On 10/10/2013 10:54 AM, Andrei Alexandrescu wrote:
On 10/10/13 12:18 AM, Walter Bright wrote:
On 10/9/2013 11:34 PM, Jacob Carlborg wrote:
On 2013-10-10 02:22, Sean Kelly wrote:

Only that this would have to be communicated to the user, since
moving data
later is problematic. Today, I think it's common to construct an
object as
unshared and then cast it.

What is the reason to not create it as "shared" in the first place?

1. Shared data cannot be passed to regular functions.
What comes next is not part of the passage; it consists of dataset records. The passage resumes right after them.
lemma normalised_cycle_alternates:
  assumes pm: "perfect_matching (verts n) dB" and "1 \<le> n"
    and ws: "distinct ws" "set ws = verts n" "ws ! 0 = 0" "ws ! 1 \<noteq> 2 * n + 1"
    and sub: "cycle_edges ws \<subseteq># mset_set dB + mset_set (grey_edges_compl n)"
    and i: "i < length ws"
  shows "cycle_edge ws i \<in> (if even i then dB else grey_edges_compl n)"
proof -
  let ?C = "grey_edges_compl n"
  have len: "length ws = 2 * n + 2" using distinct_card[OF ws(1)] ws(2) by (simp add: verts_def)
  have edges: "cycle_edge ws i \<in> dB \<union> ?C" if "i < length ws" for i
  proof -
    have "cycle_edge ws i \<in># cycle_edges ws" using that by (simp add: cycle_edges_def)
    then have "cycle_edge ws i \<in># mset_set dB \<or> cycle_edge ws i \<in># mset_set ?C"
      using mset_subset_eqD[OF sub] by simp
    then show ?thesis by (auto dest: mem_mset_setD)
  qed
  have "cycle_edge ws 0 \<in> dB"
  proof (rule ccontr)
    assume "cycle_edge ws 0 \<notin> dB"
    then have "cycle_edge ws 0 = {0, 2 * n + 1}"
      using edges[of 0] len ws(3) grey_edges_compl_at_0 by (simp add: cycle_edge_def)
    moreover have "ws ! 1 \<noteq> ws ! 0" using ws(1) len by (simp add: nth_eq_iff_index_eq)
    ultimately show False using ws(3,4) len by (auto simp: cycle_edge_def doubleton_eq_iff)
  qed
  then show ?thesis
    using alternating_cycle[OF ws(1) _ perfect_matching_disjoint[OF pm]
        perfect_matching_disjoint[OF grey_edges_compl_perfect_matching] edges] i len \<open>1 \<le> n\<close>
    by simp
qed

(* Backward direction for such a normalised cycle: the closing grey edge forces the cycle to end
   in 2n+1, so it is pi' for some pi, and its even edges are exactly delta_B. *)
lemma normalised_cycle_to_signed_perm:
  assumes pm: "perfect_matching (verts n) dB" and "1 \<le> n"
    and ws: "distinct ws" "set ws = verts n" "ws ! 0 = 0" "ws ! 1 \<noteq> 2 * n + 1"
    and sub: "cycle_edges ws \<subseteq># mset_set dB + mset_set (grey_edges_compl n)"
  obtains p where "signed_perm n p" "black_edges p = mset_set dB"
proof -
  have len: "length ws = 2 * n + 2" using distinct_card[OF ws(1)] ws(2) by (simp add: verts_def)
  note alt = normalised_cycle_alternates[OF assms]
  have "cycle_edge ws (2 * n + 1) = {0, 2 * n + 1}"
    using alt[of "2 * n + 1"] len ws(3) grey_edges_compl_at_0 by (simp add: cycle_edge_def)
  moreover have "ws ! (2 * n + 1) \<noteq> ws ! 0" using ws(1) len by (simp add: nth_eq_iff_index_eq)
  ultimately have last: "ws ! (2 * n + 1) = 2 * n + 1"
    using ws(3) len by (auto simp: cycle_edge_def doubleton_eq_iff)
  have "cycle_edge ws (2 * j + 1) \<in> grey_edges_compl n" if "j < n" for j
    using alt[of "2 * j + 1"] that len by simp
  then obtain p where p: "signed_perm n p" "unsigned_ext p = ws"
    using unsigned_ext_reconstruct[OF ws(1) len ws(3) last] by blast
  have "cycle_edge ws (2 * j) \<in> dB" if "j < n + 1" for j
    using alt[of "2 * j"] that len by simp
  then have "set (alternate_edges ws 0) \<subseteq> dB" using len by (auto simp: alternate_edges_def)
  then have "mset (alternate_edges ws 0) = mset_set dB"
    using distinct_alternate_edges[OF ws(1)] alternate_edges_cover[of ws 0] ws(2) len
    by (intro perfect_matching_eq_mset[OF pm]) auto
  then show ?thesis using that p by (simp add: black_edges_alternate)
qed

lemma perfect_matching_verts_0:
  assumes "perfect_matching (verts 0) dB"
  shows "mset_set dB = black_edges []"
proof -
  have verts: "verts 0 = {0, 1}" by (auto simp: verts_def)
  have "e = {0, 1}" if "e \<in> dB" for e
  proof -
    have "e \<subseteq> {0, 1}" "card e = 2" using assms that verts by (auto simp: perfect_matching_def)
    then show ?thesis by (intro card_subset_eq) auto
  qed
  moreover obtain e where "e \<in> dB" using assms verts by (auto simp: perfect_matching_def)
  ultimately have "dB = {{0, 1}}" by blast
  then show ?thesis by (simp add: black_edges_def unsigned_ext_def)
qed

(* Both configurations share the grey edges, so only the black edges must be compared. *)
lemma configuration_eq_breakpoint_graph:
  assumes "length p = n"
  shows "configuration dB n = breakpoint_graph p \<longleftrightarrow> black_edges p = mset_set dB"
  using assms by (auto simp: configuration_def breakpoint_graph_def)

lemma signed_perm_imp_hamiltonian:
  assumes "signed_perm n p" "black_edges p = mset_set dB"
  shows "hamiltonian (verts n) (compl_configuration dB n)"
  using unsigned_ext_hamiltonian[OF assms(1)] assms(2)
  unfolding hamiltonian_iff_cycle_edges compl_configuration_def by auto

lemma hamiltonian_imp_signed_perm:
  assumes pm: "perfect_matching (verts n) dB"
    and "hamiltonian (verts n) (compl_configuration dB n)"
  shows "\<exists>p. signed_perm n p \<and> black_edges p = mset_set dB"
proof -
  obtain vs where vs: "distinct vs" "set vs = verts n"
    "cycle_edges vs \<subseteq># mset_set dB + mset_set (grey_edges_compl n)"
    using assms(2) unfolding hamiltonian_iff_cycle_edges compl_configuration_def by blast
  show ?thesis
  proof (cases "n = 0")
    case True
    then show ?thesis using perfect_matching_verts_0 pm by (auto simp: signed_perm_def)
  next
    case False
    have "3 \<le> length vs" using distinct_card[OF vs(1)] vs(2) False by (simp add: verts_def)
    moreover have "0 \<in> set vs" using vs(2) by (simp add: verts_def)
    ultimately obtain ws where ws: "distinct ws" "set ws = set vs" "cycle_edges ws = cycle_edges vs"
        "ws ! 0 = 0" "ws ! 1 \<noteq> 2 * n + 1"
      using cycle_normal_form[OF vs(1)] by blast
    have "1 \<le> n" "set ws = verts n"
        "cycle_edges ws \<subseteq># mset_set dB + mset_set (grey_edges_compl n)"
      using ws vs False by simp_all
    then show ?thesis
      using normalised_cycle_to_signed_perm[OF pm _ ws(1) _ ws(4,5)] by metis
  qed
qed

theorem mainTheorem2:
  fixes n :: nat and dB :: "nat set set"
  assumes "perfect_matching (verts n) dB"
  shows "(\<exists>p. signed_perm n p \<and> configuration dB n = breakpoint_graph p)
         \<longleftrightarrow> hamiltonian (verts n) (compl_configuration dB n)"
proof -
  have "(\<exists>p. signed_perm n p \<and> configuration dB n = breakpoint_graph p)
      \<longleftrightarrow> (\<exists>p. signed_perm n p \<and> black_edges p = mset_set dB)"
    using configuration_eq_breakpoint_graph by (auto simp: signed_perm_def)
  also have "\<dots> \<longleftrightarrow> hamiltonian (verts n) (compl_configuration dB n)"
    using signed_perm_imp_hamiltonian hamiltonian_imp_signed_perm[OF assms] by blast
  finally show ?thesis .
qed

end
I don't understand this. If a function/method accepts "shared", then it can be
passed shared data.

I meant regular functions as in they are not typed as taking shared arguments. Shared cannot be implicitly cast to unshared. I say regular because very, very few functions are typed as accepting shared arguments.



2. Functions that create data structures would have to know in advance
that they'll be creating a shared object. I'm not so sure this would not
be an invasive change.

There is no other way around it. And this is not a change - it's fixing 
something.

I'm not convinced of that at all.


3. Immutable data is implicitly shared. But it is not created immutable
- it is created as mutable data, then set to some state, then cast to
immutable.

That all must happen in the runtime, NOT in user code.